Das setzt sich in der Politik fort:
Die Erklärbarkeit eines Vorhabens hat immer mit dessen Legitimität als solcher zu tun. Das kann in der direkten Demokratie zu einer Vorwirkung einer eventuellen Volksabstimmung führen:

  • Ausstieg aus der Kernenergie. Erkenntnis, dass ein neues KKW in absehbarer Zeit keine Chance haben kann und Einsicht, dass jetzt die Alternativen vorbereitet werden müssen.

Diese Erkenntnis ist aber auch als Opportunismus angeprangert worden.
Gefahr der Meinungsumfragedemokratie. 

***

 

Als DER hehre Grundsatz der Kommunikation gilt die Wahrheit.
Heute hilft es oft nicht einmal mehr, die Wahrheit zu sagen. Aus dem ständig vorhandenen Misstrauen und aus der Verunsicherung ist jene Angst gewachsen, die zu einer Grundstimmung unserer Gesellschaft geworden ist. Es ist eine diffuse, objektlose Angst, die sich ihr Opfer sucht, um sich durch Bekämpfung dieses Opfers selber seelisch zu entlasten. Die positive Aufnahmebereitschaft unserer Gesellschaft für negative Nachrichten hängt mit dieser Angst zusammen (auf die Medien bezogen: „Good news are no news, bad news are the story“). Jede negative Meldung ist eine Bestätigung eines bisher nur vagen Verdachts, der Welt der Politik, der Wirtschaft, der Wissenschaft, sei nicht zu trauen.
In der verminten Zone des Misstrauens reagieren dann viele Verantwortliche all zu ängstlich und nutzen nur noch abgeschliffene Phrasen, um ja alle Irrtümer oder falschen Interpretationen zu vermeiden. Das führt zu einer angstvollen, gleichförmigen und mutlosen Kommunikationssprache, die sich auf den Inhalt der Entscheide überträgt.

 

Kommunikation heisst Gemeinsamkeit. „Com“ bedeutet zusammen, gemeinsam.
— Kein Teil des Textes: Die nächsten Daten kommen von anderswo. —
(* Let $\Phi_o$ be a $\mathrm{Spin}(7)$-structure on an oriented $8$-manifold with metric $g_o$, let $v,w$ be vector fields, and let $\sigma_7 = v^\flat\wedge(w\lrcorner\Phi_o) - w^\flat\wedge(v\lrcorner\Phi_o)$, $\tilde\Phi = \Phi_o + \sigma_7$. Then \[ \tilde\Phi\wedge\tilde\Phi = \left(1+\tfrac47|v\wedge w|_o^2\right)\Phi_o\wedge\Phi_o . \]
   Context: A $\mathrm{Spin}(7)$-structure on an oriented $8$-manifold $M$ is a $4$-form $\Phi$ such that at each point $p$ there are local coordinates $x^0,\dots,x^7$ with $\Phi_p = dx^{0123} - dx^{0167} - dx^{0527} - dx^{0563} + dx^{0415} + dx^{0426} + dx^{0437} + dx^{4567} - dx^{4523} - dx^{4163} - dx^{4127} + dx^{2637} + dx^{1537} + dx^{1526}$. It determines a Riemannian metric (equal to $\sum_k dx^k\otimes dx^k$ at $p$), orientation, volume form and Hodge star; $\Phi\wedge\Phi=14\,\mathrm{vol}$. $v^\flat=g_o(v,\cdot)$, and $|v\wedge w|_o^2 = |v|_o^2|w|_o^2 - g_o(v,w)^2$. *)

theory Defs
  imports Complex_Main
begin

text \<open>Pointwise exterior algebra of R^8 with orthonormal coordinates x^0,...,x^7.
  A form is represented by its coefficient function on index sets:
  alpha K is the coefficient of dx^K, where dx^K = dx^{k1} ^ ... ^ dx^{kr}
  for K = {k1 < ... < kr} a subset of {0..7}. Vectors are v :: nat => real,
  with components v 0, ..., v 7 (other values are never used).\<close>

type_synonym form = "nat set \<Rightarrow> real"

definition dim8 :: "nat set" where "dim8 = {0..<8}"

definition wedge_sign :: "nat set \<Rightarrow> nat set \<Rightarrow> real" where
  "wedge_sign I J = (-1) ^ card {(i,j). i \<in> I \<and> j \<in> J \<and> j < i}"

definition wedge :: "form \<Rightarrow> form \<Rightarrow> form" where
  "wedge \<alpha> \<beta> = (\<lambda>K. \<Sum>I\<in>Pow K. wedge_sign I (K - I) * \<alpha> I * \<beta> (K - I))"

definition form_add :: "form \<Rightarrow> form \<Rightarrow> form" where
  "form_add \<alpha> \<beta> = (\<lambda>K. \<alpha> K + \<beta> K)"

definition form_diff :: "form \<Rightarrow> form \<Rightarrow> form" where
  "form_diff \<alpha> \<beta> = (\<lambda>K. \<alpha> K - \<beta> K)"

definition form_scale :: "real \<Rightarrow> form \<Rightarrow> form" where
  "form_scale c \<alpha> = (\<lambda>K. c * \<alpha> K)"

definition dx1 :: "nat \<Rightarrow> form" where
  "dx1 i = (\<lambda>K. if K = {i} then 1 else 0)"

fun dxl :: "nat list \<Rightarrow> form" where
  "dxl [] = (\<lambda>K. if K = {} then 1 else 0)"
| "dxl (i # is) = wedge (dx1 i) (dxl is)"

definition interior :: "(nat \<Rightarrow> real) \<Rightarrow> form \<Rightarrow> form" where
  "interior v \<alpha> = (\<lambda>J. \<Sum>i\<in>dim8 - J. v i * (-1) ^ card {j\<in>J. j < i} * \<alpha> (insert i J))"

definition flat :: "(nat \<Rightarrow> real) \<Rightarrow> form" where
  "flat v = (\<lambda>K. \<Sum>i\<in>dim8. if K = {i} then v i else 0)"

definition g_o :: "(nat \<Rightarrow> real) \<Rightarrow> (nat \<Rightarrow> real) \<Rightarrow> real" where
  "g_o v w = (\<Sum>i\<in>dim8. v i * w i)"

definition norm_wedge_sq :: "(nat \<Rightarrow> real) \<Rightarrow> (nat \<Rightarrow> real) \<Rightarrow> real" where
  "norm_wedge_sq v w = g_o v v * g_o w w - (g_o v w)^2"

text \<open>The standard Spin(7) 4-form Phi_o (in the adapted coordinates at a point).\<close>
definition Phi_o :: form where
  "Phi_o = (\<lambda>K.
      dxl [0,1,2,3] K - dxl [0,1,6,7] K - dxl [0,5,2,7] K - dxl [0,5,6,3] K
    + dxl [0,4,1,5] K + dxl [0,4,2,6] K + dxl [0,4,3,7] K + dxl [4,5,6,7] K
    - dxl [4,5,2,3] K - dxl [4,1,6,3] K - dxl [4,1,2,7] K + dxl [2,6,3,7] K
    + dxl [1,5,3,7] K + dxl [1,5,2,6] K)"

definition sigma7 :: "(nat \<Rightarrow> real) \<Rightarrow> (nat \<Rightarrow> real) \<Rightarrow> form" where
  "sigma7 v w = form_diff (wedge (flat v) (interior w Phi_o)) (wedge (flat w) (interior v Phi_o))"

end

theory Submission
  imports Defs
begin

(* In adapted coordinates the coefficients of \<sigma>\<^sub>7 are linear in seven quantities
   \<omega>\<^sub>1, ..., \<omega>\<^sub>7, the components of v\<flat> \<and> w\<flat> in \<Lambda>\<^sup>2\<^sub>7. The top coefficient of
   (\<Phi>\<^sub>o + \<sigma>\<^sub>7) \<and> (\<Phi>\<^sub>o + \<sigma>\<^sub>7) comes out as 14 + 8 |\<omega>|\<^sup>2: the cross term \<Phi>\<^sub>o \<and> \<sigma>\<^sub>7
   vanishes, \<sigma>\<^sub>7 \<and> \<sigma>\<^sub>7 = 8 |\<omega>|\<^sup>2 vol and \<Phi>\<^sub>o \<and> \<Phi>\<^sub>o = 14 vol. Since v \<and> w is
   decomposable, the Pluecker relations give |\<omega>|\<^sup>2 = |v \<and> w|\<^sup>2, and
   14 + 8 |v \<and> w|\<^sup>2 = 14 (1 + 4/7 |v \<and> w|\<^sup>2). *)

lemma wedge_sign_eq_power_sum:
  assumes "finite I" "finite J"
  shows "wedge_sign I J = (-1) ^ (\<Sum>i\<in>I. card (J \<inter> {..<i}))"
proof -
  have "{(i,j). i \<in> I \<and> j \<in> J \<and> j < i} = Sigma I (\<lambda>i. J \<inter> {..<i})" by auto
  then have "card {(i,j). i \<in> I \<and> j \<in> J \<and> j < i} = (\<Sum>i\<in>I. card (J \<inter> {..<i}))"
    using assms by (simp add: card_SigmaI)
  then show ?thesis unfolding wedge_sign_def by simp
qed

lemma finite_dim8 [simp]: "finite dim8"
  by (simp add: dim8_def)

lemma dim8_eq: "dim8 = {0,1,2,3,4,5,6,7}"
  by (auto simp: dim8_def)

lemma wedge_flat_apply:
  assumes "finite K"
  shows "wedge (flat v) \<beta> K = (\<Sum>i\<in>dim8 \<inter> K. v i * (-1) ^ card ((K - {i}) \<inter> {..<i}) * \<beta> (K - {i}))"
proof -
  have "wedge (flat v) \<beta> K = (\<Sum>I\<in>Pow K. \<Sum>i\<in>dim8. if I = {i} then wedge_sign {i} (K - {i}) * v i * \<beta> (K - {i}) else 0)"
    unfolding wedge_def flat_def
    by (auto simp: sum_distrib_left sum_distrib_right intro!: sum.cong)
  also have "\<dots> = (\<Sum>i\<in>dim8. \<Sum>I\<in>Pow K. if I = {i} then wedge_sign {i} (K - {i}) * v i * \<beta> (K - {i}) else 0)"
    by (rule sum.swap)
  also have "\<dots> = (\<Sum>i\<in>dim8. if i \<in> K then wedge_sign {i} (K - {i}) * v i * \<beta> (K - {i}) else 0)"
    using assms by (intro sum.cong refl) (simp add: sum.delta)
  also have "\<dots> = (\<Sum>i\<in>dim8 \<inter> K. wedge_sign {i} (K - {i}) * v i * \<beta> (K - {i}))"
    by (simp add: sum.inter_restrict)
  also have "\<dots> = (\<Sum>i\<in>dim8 \<inter> K. v i * (-1) ^ card ((K - {i}) \<inter> {..<i}) * \<beta> (K - {i}))"
    using assms by (intro sum.cong) (auto simp: wedge_sign_eq_power_sum)
  finally show ?thesis .
qed

lemma interior_apply:
  "interior v \<alpha> J = (\<Sum>i\<in>dim8 - J. v i * (-1) ^ card (J \<inter> {..<i}) * \<alpha> (insert i J))"
proof -
  have "{j \<in> J. j < i} = J \<inter> {..<i}" for i by auto
  then show ?thesis unfolding interior_def by simp
qed

lemma dx1_eq_flat:
  assumes "i < 8"
  shows "dx1 i = flat (\<lambda>j. if j = i then 1 else 0)"
proof
  fix K
  have "flat (\<lambda>j. if j = i then 1 else 0) K = (\<Sum>j\<in>dim8. if j = i then (if K = {i} then 1 else 0) else 0)"
    unfolding flat_def by (intro sum.cong) auto
  also have "\<dots> = (if K = {i} then 1 else 0)"
    using assms by (simp add: dim8_def)
  finally show "dx1 i K = flat (\<lambda>j. if j = i then 1 else 0) K"
    by (simp add: dx1_def)
qed

lemma dxl_Cons_apply:
  assumes "i < 8" "finite K"
  shows "dxl (i # is) K = (if i \<in> K then (-1) ^ card ((K - {i}) \<inter> {..<i}) * dxl is (K - {i}) else 0)"
proof -
  have "dxl (i # is) K = (\<Sum>j\<in>dim8 \<inter> K. (if j = i then 1 else 0) * (-1) ^ card ((K - {j}) \<inter> {..<j}) * dxl is (K - {j}))"
    using assms by (simp add: dx1_eq_flat wedge_flat_apply)
  also have "\<dots> = (\<Sum>j\<in>dim8 \<inter> K. if j = i then (-1) ^ card ((K - {i}) \<inter> {..<i}) * dxl is (K - {i}) else 0)"
    by (intro sum.cong) auto
  also have "\<dots> = (if i \<in> K then (-1) ^ card ((K - {i}) \<inter> {..<i}) * dxl is (K - {i}) else 0)"
    using assms by (simp add: dim8_def)
  finally show ?thesis .
qed

definition is_form :: "nat \<Rightarrow> form \<Rightarrow> bool" where
  "is_form n \<alpha> \<longleftrightarrow> (\<forall>I. \<alpha> I \<noteq> 0 \<longrightarrow> I \<subseteq> dim8 \<and> card I = n)"

lemma is_formI:
  "(\<And>I. \<not> (I \<subseteq> dim8 \<and> card I = n) \<Longrightarrow> \<alpha> I = 0) \<Longrightarrow> is_form n \<alpha>"
  unfolding is_form_def by blast

lemma is_formD:
  "is_form n \<alpha> \<Longrightarrow> \<not> (I \<subseteq> dim8 \<and> card I = n) \<Longrightarrow> \<alpha> I = 0"
  unfolding is_form_def by blast

lemma is_form_wedge:
  assumes \<alpha>: "is_form a \<alpha>" and \<beta>: "is_form b \<beta>"
  shows "is_form (a + b) (wedge \<alpha> \<beta>)"
  unfolding is_form_def
proof (intro allI impI)
  fix K assume nonzero: "wedge \<alpha> \<beta> K \<noteq> 0"
  then have "finite K"
    by (metis finite_Pow_iff sum.infinite wedge_def)
  from nonzero obtain I where I: "I \<subseteq> K" "\<alpha> I \<noteq> 0" "\<beta> (K - I) \<noteq> 0"
    unfolding wedge_def by (metis (no_types, lifting) PowD mult_eq_0_iff sum.neutral)
  have "I \<subseteq> dim8" "card I = a" "K - I \<subseteq> dim8" "card (K - I) = b"
    using \<alpha> \<beta> I unfolding is_form_def by auto
  moreover have "card K = card I + card (K - I)"
    using \<open>finite K\<close> I(1) by (metis card_Diff_subset card_mono diff_add_inverse le_add_diff_inverse
        finite_subset)
  ultimately show "K \<subseteq> dim8 \<and> card K = a + b" by auto
qed

lemma is_form_dxl: "\<forall>i\<in>set l. i < 8 \<Longrightarrow> is_form (length l) (dxl l)"
proof (induction l)
  case Nil
  then show ?case by (simp add: is_form_def)
next
  case (Cons i l)
  have "is_form 1 (dx1 i)"
    using Cons.prems by (intro is_formI) (auto simp: dx1_def dim8_def)
  then show ?case
    using Cons is_form_wedge[of 1 "dx1 i" "length l" "dxl l"] by simp
qed

lemma is_form_Phi_o: "is_form 4 Phi_o"
proof (rule is_formI)
  fix I assume "\<not> (I \<subseteq> dim8 \<and> card I = 4)"
  then have "dxl l I = 0" if "\<forall>i\<in>set l. i < 8" "length l = 4" for l
    using is_formD[OF is_form_dxl[OF that(1)]] that(2) by simp
  then show "Phi_o I = 0"
    unfolding Phi_o_def by (simp del: dxl.simps)
qed

lemma is_form_flat: "is_form 1 (flat v)"
proof (rule is_formI)
  fix I assume "\<not> (I \<subseteq> dim8 \<and> card I = 1)"
  then show "flat v I = 0"
    unfolding flat_def by (intro sum.neutral) auto
qed

lemma is_form_interior:
  assumes "is_form (Suc n) \<alpha>"
  shows "is_form n (interior v \<alpha>)"
proof (rule is_formI)
  fix J assume J: "\<not> (J \<subseteq> dim8 \<and> card J = n)"
  have "\<alpha> (insert i J) = 0" if "i \<in> dim8 - J" for i
  proof (rule is_formD[OF assms])
    show "\<not> (insert i J \<subseteq> dim8 \<and> card (insert i J) = Suc n)"
      using J that finite_subset[OF _ finite_dim8] by (metis DiffD2 card_insert_disjoint
          finite_insert insert_subset nat.inject)
  qed
  then show "interior v \<alpha> J = 0"
    unfolding interior_def by (simp add: sum.neutral)
qed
Der zweite Teil des Wortes stammt von „munia“, was Obliegenheit oder Amtspflicht bedeutet, was wir im Begriff „municipio“ wieder antreffen.
Der Wortsinn von Kommunikation hat also mehr als nur die formale Bedeutung des sich gegenseitig Austauschens. Es hat auch einen inhaltlichen Kern, nämlich eine Pflicht, eine Verantwortung.
Eine verantwortungsvolle Aufgabe der Gemeinschaft besteht darin, sich nicht derart auseinander treiben und lähmen zu lassen und diesen Tendenzen entgegen zu wirken.

Ich weiss es wegen dem K in der Abkürzung meines Departementes: Katastrophen und Kommunikation sind eng miteinander verwandt. Aber sie bedingen einander nicht notwendigerweise. Kommunikation kann durchaus zu einem Kulturzweig in der Demokratie und für die Demokratie erblühen. Voraussetzung ist allerdings, dass die Kunst der Kommunikation professionell und verantwortungsbewusst gepflegt wird.
Es freut mich, dass Ihr Club dies versucht.